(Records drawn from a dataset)
(* (1 + c e_0 s)^(-1) = sum_m (-c)^m e_0^m s^m  and the analogue in t *)
definition inv_s :: "complex \<Rightarrow> hst" where
  "inv_s c = (\<lambda>m n. if n = 0 then ncs_smult ((- c) ^ m) (ncs_mono (replicate m L0)) else ncs_zero)"

definition inv_t :: "complex \<Rightarrow> hst" where
  "inv_t c = (\<lambda>m n. if m = 0 then ncs_smult ((- c) ^ n) (ncs_mono (replicate n L0)) else ncs_zero)"

definition zeta_RS_st :: "nat list \<Rightarrow> nat \<Rightarrow> nat \<Rightarrow> complex" where
  "zeta_RS_st k = (\<lambda>m n.
     (-1) ^ (sum_list k + length k) / (2 * pi * \<i>) *
     pair_st PhiRS
       (hst_mult (hst_mult (inv_s 1) (hst_const (ncs_mono ([L1] @ omega k @ [L1])))) (inv_t 1)) m n)"

(* all l \<preceq> k : replace each separator by a comma or a plus sign *)
fun coarsenings :: "nat list \<Rightarrow> nat list list" where
  "coarsenings [] = [[]]"
| "coarsenings [a] = [[a]]"
| "coarsenings (a # b # ks) =
     map ((#) a) (coarsenings (b # ks)) @ coarsenings ((a + b) # ks)"

definition zeta_RS_star :: "nat list \<Rightarrow> nat \<Rightarrow> nat \<Rightarrow> complex" where
  "zeta_RS_star k = (\<lambda>m n. sum_list (map (\<lambda>l. zeta_RS_st l m n) (coarsenings k)))"

end

theory Submission
  imports Defs
begin

text \<open>
  The substitution X0 \<mapsto> X\<infinity> = -X0 - X1, X1 \<mapsto> X1 is dual, under the pairing, to the
  algebra endomorphism \<sigma> of H with \<sigma>(e0) = -e0 and \<sigma>(e1) = e1 - e0. As \<sigma>(e1 - e0) = e1, the
  right-hand side pairs \<Phi>_RS with (-1)^(m+n) e0^m e1 \<sigma>(\<omega>(k)) e1 e0^n. In
  \<omega>(k) = e0^(k1-1) e1 e0^(k2-1) \<dots> e1 e0^(kr-1) every e1 becomes e1 - e0: keeping e1 is a
  comma, taking -e0 merges two neighbouring blocks, i.e. is a plus sign. Hence \<sigma>(\<omega>(k)) is
  the sum of (-1)^(wt(l) + dep(l)) \<omega>(l) over all l \<preceq> k, with exactly the signs of the
  \<zeta>^(s,t)(l).
\<close>

lemma ncs_mult_zero_left [simp]: "ncs_mult ncs_zero g = ncs_zero"
  by (simp add: ncs_mult_def ncs_zero_def)

lemma ncs_mult_zero_right [simp]: "ncs_mult f ncs_zero = ncs_zero"
  by (simp add: ncs_mult_def ncs_zero_def)

lemma ncs_smult_zero [simp]: "ncs_smult c ncs_zero = ncs_zero"
  by (simp add: ncs_smult_def ncs_zero_def)

lemma ncs_smult_smult [simp]: "ncs_smult a (ncs_smult b f) = ncs_smult (a * b) f"
  by (simp add: ncs_smult_def mult.assoc)

lemma ncs_mult_one_right [simp]: "ncs_mult f ncs_one = f"
proof
  fix w
  have "ncs_mult f ncs_one w = (\<Sum>i\<le>length w. if i = length w then f w else 0)"
    unfolding ncs_mult_def ncs_one_def by (rule sum.cong) auto
  then show "ncs_mult f ncs_one w = f w" by simp
qed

▶ [WHAT YOU NEED TO DO]:
Which lines of the records above contain the word "definition"? Show each of them.

▶ [TASK RESPONSE]:
definition inv_s :: "complex \<Rightarrow> hst" where
definition inv_t :: "complex \<Rightarrow> hst" where
definition zeta_RS_st :: "nat list \<Rightarrow> nat \<Rightarrow> nat \<Rightarrow> complex" where
definition zeta_RS_star :: "nat list \<Rightarrow> nat \<Rightarrow> nat \<Rightarrow> complex" where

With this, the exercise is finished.